I have been doing some startup time research for Leyden and different GCs, and noticed that ZGC is orders of magnitude worse on startup tests. Look:
$ cat Hello.java
public class Hello {
public static void main(String... args) throws Throwable {
System.out.println("Hello world!");
}
}
$ javac Hello.java
$ hyperfine -w 10 -r 10 "build/linux-x86_64-server-release/images/jdk/bin/java -XX:+UseG1GC -Xmx1g Hello"
Benchmark 1: build/linux-x86_64-server-release/images/jdk/bin/java -XX:+UseG1GC -Xmx1g Hello
Time (mean ± σ): 32.5 ms ± 0.6 ms [User: 15.8 ms, System: 24.5 ms]
Range (min ... max): 31.7 ms ... 33.6 ms 10 runs
$ hyperfine -w 10 -r 10 "build/linux-x86_64-server-release/images/jdk/bin/java -XX:+UseZGC -Xmx1g Hello"
Benchmark 1: build/linux-x86_64-server-release/images/jdk/bin/java -XX:+UseZGC -Xmx1g Hello
Time (mean ± σ): 604.2 ms ± 5.6 ms [User: 32.5 ms, System: 590.7 ms]
Range (min ... max): 596.9 ms ... 614.4 ms 10 runs
$ hyperfine -w 10 -r 10 "build/linux-x86_64-server-release/images/jdk/bin/java -XX:+UseZGC -Xmx10g Hello"
Benchmark 1: build/linux-x86_64-server-release/images/jdk/bin/java -XX:+UseZGC -Xmx10g Hello
Time (mean ± σ): 1.151 s ± 0.005 s [User: 0.033 s, System: 1.137 s]
Range (min ... max): 1.144 s ... 1.158 s 10 runs
Quick profiling shows ZGC spends time wiring up memory:
- 68.24% 0.00% java libc.so.6 [.] start_thread
- 68.24% start_thread
- 68.24% ThreadJavaMain
- JavaMain
- 68.22% JNI_CreateJavaVM
- 68.21% Threads::create_vm(JavaVMInitArgs*, bool*)
- 67.98% init_globals()
- 67.97% universe_init()
- 67.93% ZArguments::create_heap()
- 67.93% ZCollectedHeap::ZCollectedHeap()
- 67.93% ZHeap::ZHeap()
- 67.92% ZPageAllocator::prime_cache(ZWorkers*, unsigned long)
- ZPageAllocator::alloc_page(ZPageType, unsigned long, ZAllocationFlags, ZP
- 67.92% ZPageAllocator::alloc_page_finalize(ZPageAllocation*)
- 67.92% ZPhysicalMemoryManager::commit(ZPhysicalMemory&)
ZPhysicalMemoryBacking::commit(zoffset, unsigned long)
ZPhysicalMemoryBacking::commit_inner(zoffset, unsigned long)
ZPhysicalMemoryBacking::fallocate_fill_hole(zoffset, unsigned
- syscall
- 67.91% entry_SYSCALL_64_after_hwframe
Of course lower -Xms helps:
$ hyperfine -w 10 -r 10 "build/linux-x86_64-server-release/images/jdk/bin/java -XX:+UseZGC -Xms128m -Xmx10g Hello"

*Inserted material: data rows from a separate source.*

lemma centre_value_eq:
  assumes "int N1 - int N2 = 2 * d" "N1 + N2 = 2 * m"
  shows "centre_value q N1 N2 = (-1)^N1 * q ^ nat (d^2) * qpoch q (q^2) m"
  using assms unfolding centre_value_def by simp

text \<open>The claimed central values satisfy the same recurrence.  With d = (N1 - N2)/2 all four
  values are (q;q^2)_(m-1) times q^(d^2) or q^((d+1)^2), up to sign and a factor 1 - q^(2m-1).\<close>
lemma centre_value_rec:
  assumes m: "N1 + Suc n = 2 * m"
  shows "centre_value q N1 (Suc n)
           = centre_value q (Suc N1) n + (1 - (q^2)^n) * centre_value q N1 (n - 1)
             - (1 - (q^2)^N1) * centre_value q (N1 - 1) n"
proof -
  define d where "d = (int N1 - int (Suc n)) div 2"
  have d: "int N1 - int (Suc n) = 2 * d" using m unfolding d_def by presburger
  have m1: "m \<ge> 1" using m by simp
  define P where "P = qpoch q (q^2) (m - 1)"
  define x where "x = q * (q^2)^(m - 1)"
  have Pm: "qpoch q (q^2) m = P * (1 - x)"
    unfolding P_def x_def using qpoch_Suc[of q "q^2" "m - 1"] m1 by simp
  define e0 where "e0 = nat (d^2)"
  define e1 where "e1 = nat ((d + 1)^2)"
  have v0: "centre_value q N1 (Suc n) = (-1)^N1 * q^e0 * (P * (1 - x))"
    unfolding e0_def Pm[symmetric] by (rule centre_value_eq[OF d m])
  have v1: "centre_value q (Suc N1) n = - ((-1)^N1 * q^e1 * (P * (1 - x)))"
    unfolding e1_def Pm[symmetric] using centre_value_eq[of "Suc N1" n "d + 1" m] d m by simp
  have v2: "(1 - (q^2)^n) * centre_value q N1 (n - 1) = (1 - (q^2)^n) * ((-1)^N1 * q^e1 * P)"
    unfolding e1_def P_def using centre_value_eq[of N1 "n - 1" "d + 1" "m - 1"] d m
    by (cases n) simp_all
  have v3: "(1 - (q^2)^N1) * centre_value q (N1 - 1) n = (1 - (q^2)^N1) * (- ((-1)^N1 * q^e0 * P))"
    unfolding e0_def P_def using centre_value_eq[of "N1 - 1" n d "m - 1"] d m
    by (cases N1) simp_all
  have exponents: "int e1 + 2 * int n = int e0 + 2 * int m - 1" "int e0 + 2 * int N1 = int e1 + 2 * int m - 1"
  proof -
    have "int e0 = d^2" "int e1 = (d + 1)^2" unfolding e0_def e1_def by simp_all
    thus "int e1 + 2 * int n = int e0 + 2 * int m - 1" "int e0 + 2 * int N1 = int e1 + 2 * int m - 1"
      using d m by (simp_all add: power2_eq_square algebra_simps)
  qed
  have shift: "q^a * (q^2)^b = q^c * x" if "a + 2 * b = c + (1 + 2 * (m - 1))" for a b c
  proof -
    have "q^a * (q^2)^b = q^(c + (1 + 2 * (m - 1)))"
      unfolding that[symmetric] by (simp add: power_add power_mult)
    thus ?thesis unfolding x_def by (simp add: power_add power_mult)
  qed
  have "q^e1 * (q^2)^n = q^e0 * x" "q^e0 * (q^2)^N1 = q^e1 * x"
    using exponents m1 by (intro shift; linarith)+
  moreover have "s * u0 * (P * (1 - x))
                   = - (s * u1 * (P * (1 - x))) + (1 - y) * (s * u1 * P) - (1 - z) * - (s * u0 * P)"
    if "u1 * y = u0 * x" "u0 * z = u1 * x" for s u0 u1 y z :: complex
    using that by algebra
  ultimately show ?thesis unfolding v0 v1 v2 v3 by blast
qed

lemma double_sum_centre:
  fixes q :: complex
  assumes nz: "\<And>m. qpoch (q^2) (q^2) m \<noteq> 0" and even: "N1 + N2 = 2 * m"
  shows "double_sum q N1 N2 (int m) = centre_value q N1 N2"
  using even
proof (induction N2 arbitrary: N1 m rule: less_induct)
  case (less N2)
  show ?case
  proof (cases N2)
    case 0
    with less.prems have "centre_value q N1 N2 = q^(m^2) * qpoch q (q^2) m"
      using centre_value_eq[of N1 0 "int m" m] by (simp add: nat_power_eq)
    with 0 less.prems show ?thesis
      by (simp add: double_sum_zero_right[OF nz] single_sum_centre[OF nz])
  next
    case (Suc n)
    have m1: "m \<ge> 1" using less.prems Suc by simp
    have step: "double_sum q (Suc N1) n (int m) = centre_value q (Suc N1) n"
      using less.IH[of n "Suc N1" m] less.prems Suc by simp
    have left: "(1 - (q^2)^n) * double_sum q N1 (n - 1) (int m - 1)
                  = (1 - (q^2)^n) * centre_value q N1 (n - 1)"
      using less.IH[of "n - 1" N1 "m - 1"] less.prems Suc m1 by (cases n) (simp_all add: of_nat_diff)
    have right: "(1 - (q^2)^N1) * double_sum q (N1 - 1) n (int m - 1)
                  = (1 - (q^2)^N1) * centre_value q (N1 - 1) n"
      using less.IH[of n "N1 - 1" "m - 1"] less.prems Suc m1 by (cases N1) (simp_all add: of_nat_diff)
    show ?thesis
      unfolding Suc double_sum_centre_rec[OF nz] step left right
      using centre_value_rec[of N1 n m] less.prems Suc by simp
  qed
qed


lemma sum_centred_interval: "(\<Sum>i\<in>{-int n..int n}. g i) = (\<Sum>k\<le>2*n. g (int n - int k))"
  by (rule sum.reindex_bij_witness[where i="\<lambda>k. int n - int k" and j="\<lambda>i. nat (int n - i)"]) auto

text \<open>The doubly infinite sum has finite support |i| \<le> L, |j| \<le> M; substituting
  i = L - k1, j = M - k2 turns it into (-1)^(L+M) D(2L, 2M, L+M).\<close>
lemma infsum_eq_double_sum:
  fixes q :: complex and L M :: nat
  shows "(\<Sum>\<^sub>\<infinity>(i, j) \<in> (UNIV :: (int \<times> int) set).
            (-1) ^ nat \<bar>i + j\<bar> * q ^ nat (binom2 (i + j))
            * gauss_binom (q^2) (2 * int L) (int L - i)
            * gauss_binom (q^2) (2 * int M) (int M - j))
         = (-1)^(L + M) * double_sum q (2 * L) (2 * M) (int (L + M))"
    (is "infsum ?f UNIV = _")
proof -
  define S where "S = {-int L..int L} \<times> {-int M..int M}"
  have "infsum ?f UNIV = infsum ?f S"
  proof (rule infsum_cong_neutral)
    fix x assume "x \<in> UNIV - S"
    then show "?f x = 0" unfolding S_def gauss_binom_def by (cases x) auto
  qed auto
  also have "\<dots> = (\<Sum>i\<in>{-int L..int L}. \<Sum>j\<in>{-int M..int M}. ?f (i, j))"
    unfolding S_def by (simp add: sum.cartesian_product)
  also have "\<dots> = (\<Sum>k1\<le>2*L. \<Sum>k2\<le>2*M. ?f (int L - int k1, int M - int k2))"
    unfolding sum_centred_interval ..
  also have "\<dots> = (-1)^(L + M) * double_sum q (2 * L) (2 * M) (int (L + M))"
    unfolding double_sum_def single_sum_def gauss_transform_def gb2_def qtri_def sum_distrib_left
  proof (intro sum.cong refl)
    fix k1 k2
    have sum: "int L - int k1 + (int M - int k2) = int (L + M) - int (k1 + k2)"
              "int (L + M) - int k1 - int k2 = int (L + M) - int (k1 + k2)" by simp_all
    show "?f (int L - int k1, int M - int k2) = (-1) ^ (L + M) * (gauss_binom (q^2) (int (2 * L)) (int k1) *
          ((-1) ^ k1 * (gauss_binom (q^2) (int (2 * M)) (int k2) *
          ((-1) ^ k2 * q ^ nat (binom2 (int (L + M) - int k1 - int k2))))))"
      unfolding prod.case sum minus_one_power_abs_diff by (simp add: algebra_simps power_add)
  qed
  finally show ?thesis .
qed

theorem mainTheorem6:
  fixes q :: complex and L M :: nat
  assumes "norm q < 1"
  shows "(\<Sum>\<^sub>\<infinity>(i, j) \<in> (UNIV :: (int \<times> int) set).
            (-1) ^ nat \<bar>i + j\<bar> * q ^ nat (binom2 (i + j))
            * gauss_binom (q^2) (2 * int L) (int L - i)
            * gauss_binom (q^2) (2 * int M) (int M - j))
         = (-1) ^ (L + M) * q ^ nat ((int L - int M)^2) * qpoch q (q^2) (L + M)"
proof -
  have "double_sum q (2 * L) (2 * M) (int (L + M)) = centre_value q (2 * L) (2 * M)"
    by (rule double_sum_centre[OF qpoch_square_nonzero[OF assms]]) simp
  also have "\<dots> = q ^ nat ((int L - int M)^2) * qpoch q (q^2) (L + M)"
    by (subst centre_value_eq[where d = "int L - int M" and m = "L + M"]) simp_all
  finally show ?thesis unfolding infsum_eq_double_sum by simp
qed

end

Benchmark 1: build/linux-x86_64-server-release/images/jdk/bin/java -XX:+UseZGC -Xms128m -Xmx10g Hello
Time (mean ± σ): 108.0 ms ± 1.5 ms [User: 32.6 ms, System: 95.6 ms]
Range (min … max): 105.2 ms … 110.4 ms 10 runs
While we should really consider to trim the default initial heap size (JDK-8348278), it would not help if user specifies Xms. So, it would be great to see if we can improve this code path across large initial heap sizes. Maybe doing these commits in parallel / asynchronously?
$ cat Hello.java
public class Hello {
public static void main(String... args) throws Throwable {
System.out.println("Hello world!");
}
}
$ javac Hello.java
$ hyperfine -w 10 -r 10 "build/linux-x86_64-server-release/images/jdk/bin/java -XX:+UseG1GC -Xmx1g Hello"
Benchmark 1: build/linux-x86_64-server-release/images/jdk/bin/java -XX:+UseG1GC -Xmx1g Hello
Time (mean ± σ): 32.5 ms ± 0.6 ms [User: 15.8 ms, System: 24.5 ms]
Range (min ... max): 31.7 ms ... 33.6 ms 10 runs
$ hyperfine -w 10 -r 10 "build/linux-x86_64-server-release/images/jdk/bin/java -XX:+UseZGC -Xmx1g Hello"
Benchmark 1: build/linux-x86_64-server-release/images/jdk/bin/java -XX:+UseZGC -Xmx1g Hello
Time (mean ± σ): 604.2 ms ± 5.6 ms [User: 32.5 ms, System: 590.7 ms]
Range (min ... max): 596.9 ms ... 614.4 ms 10 runs
$ hyperfine -w 10 -r 10 "build/linux-x86_64-server-release/images/jdk/bin/java -XX:+UseZGC -Xmx10g Hello"
Benchmark 1: build/linux-x86_64-server-release/images/jdk/bin/java -XX:+UseZGC -Xmx10g Hello
Time (mean ± σ): 1.151 s ± 0.005 s [User: 0.033 s, System: 1.137 s]
Range (min ... max): 1.144 s ... 1.158 s 10 runs
Quick profiling shows ZGC spends time wiring up memory:
- 68.24% 0.00% java libc.so.6 [.] start_thread
- 68.24% start_thread
- 68.24% ThreadJavaMain
- JavaMain
- 68.22% JNI_CreateJavaVM
- 68.21% Threads::create_vm(JavaVMInitArgs*, bool*)
- 67.98% init_globals()
- 67.97% universe_init()
- 67.93% ZArguments::create_heap()
- 67.93% ZCollectedHeap::ZCollectedHeap()
- 67.93% ZHeap::ZHeap()
- 67.92% ZPageAllocator::prime_cache(ZWorkers*, unsigned long)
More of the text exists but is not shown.